Вот это событие! Похвистнев, уже решивший судьбу агронома, мог сейчас только радоваться случаю, который давал повод для наказания Поликарпова. Ведь если доложить в райкоме… А докладывать надо, поскольку и Джура и Поликарпов коммунисты. Как ни разбирай происшедшее, виноваты оба.

— Удивляюсь, — сказал он, когда Джура вышел. — У тебя, Поликарпов, явная склонность к самоуправству, которому нет оправдания. Как можно поднять руку на человека, даже если он допустил промах?

— Не промах, а преступление, — быстро поправил Поликарпов.

— Пусть так. Для этого есть суд, есть директор предприятия, общественность. Ты же решил пустить в ход кулаки.

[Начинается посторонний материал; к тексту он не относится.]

theorem certificate_if_semialg_pos:
  assumes "\<forall>x\<in>semialg n m g. 0 < eval p x"
  shows "\<exists>r>0. nonneg_coeffs (certificate n m d p g R \<eta> \<beta> r)"
proof -
  obtain r where "0 < r"
    "nonneg_coeffs (perturbed_form (n + m + 3) d (hform n m d p g R \<eta> \<beta>) r * var_sum {..<2 * (n + m + 3)} ^ (r ^ 2))"
    using perturbed_form_polya[OF homogeneous_hform[of R \<eta> \<beta>] d_pos _ hform_pos[OF assms]] by auto
  then show ?thesis
    unfolding certificate_eq_subst_perturbed_form
    by (blast intro: nonneg_coeffs_subst nonneg_coeffs_power nonneg_coeffs_var)
qed

end

theorem corollary4p4:
  fixes n m d :: nat and p :: mpoly and g :: "nat \<Rightarrow> mpoly"
    and R \<beta> :: real and \<eta> :: "nat \<Rightarrow> real"
  assumes vars_p: "\<forall>\<alpha>\<in>Poly_Mapping.keys p. Poly_Mapping.keys \<alpha> \<subseteq> {..<n}"
    and vars_g: "\<forall>i\<in>{1..m}. \<forall>\<alpha>\<in>Poly_Mapping.keys (g i). Poly_Mapping.keys \<alpha> \<subseteq> {..<n}"
    and d_def: "d = max 1 ((Max (insert (total_deg p) (total_deg ` g ` {1..m})) + 1) div 2)"
    and R_pos: "R > 0"
    and R_bound: "\<forall>x\<in>semialg n m g. (\<Sum>j<n. x j ^ 2) \<le> R"
    and eta_bound: "\<forall>i\<in>{1..m}. \<forall>x\<in>semialg n m g. eval (g i) x \<le> \<eta> i"
    and beta_bound: "\<forall>x\<in>semialg n m g. - eval p x \<le> \<beta>"
  shows "(\<forall>x\<in>semialg n m g. eval p x > 0) \<longleftrightarrow>
         (\<exists>r::nat. r > 0 \<and>
            (\<forall>\<alpha>. 0 \<le> Poly_Mapping.lookup (certificate n m d p g R \<eta> \<beta> r) \<alpha>))"
proof -
  interpret hform_setting n m d p g
    using vars_p vars_g degree_bounds[OF d_def] by unfold_locales
  show ?thesis
    using certificate_if_semialg_pos semialg_pos_if_certificate[OF R_bound eta_bound beta_bound]
    unfolding nonneg_coeffs_def by blast
qed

Знаешь, если идти по такому пути, то… Тебе просто нельзя доверять руководящий пост, вот что я могу сказать. И за что ударил? За сотню тонн навоза, которую он употребил, в конце концов, опять-таки на пользу дела, пусть даже и узко понятого дела.

Поликарпов вскочил:

— Ну, знаете! Когда перегноем начинают гатить овраги… Это первый случай в моей практике. Это позор! Тем более недопустимый случай, что у нас в совхозе вообще к удобрениям относятся с небрежностью просто удивительной. Мы растранжириваем добро!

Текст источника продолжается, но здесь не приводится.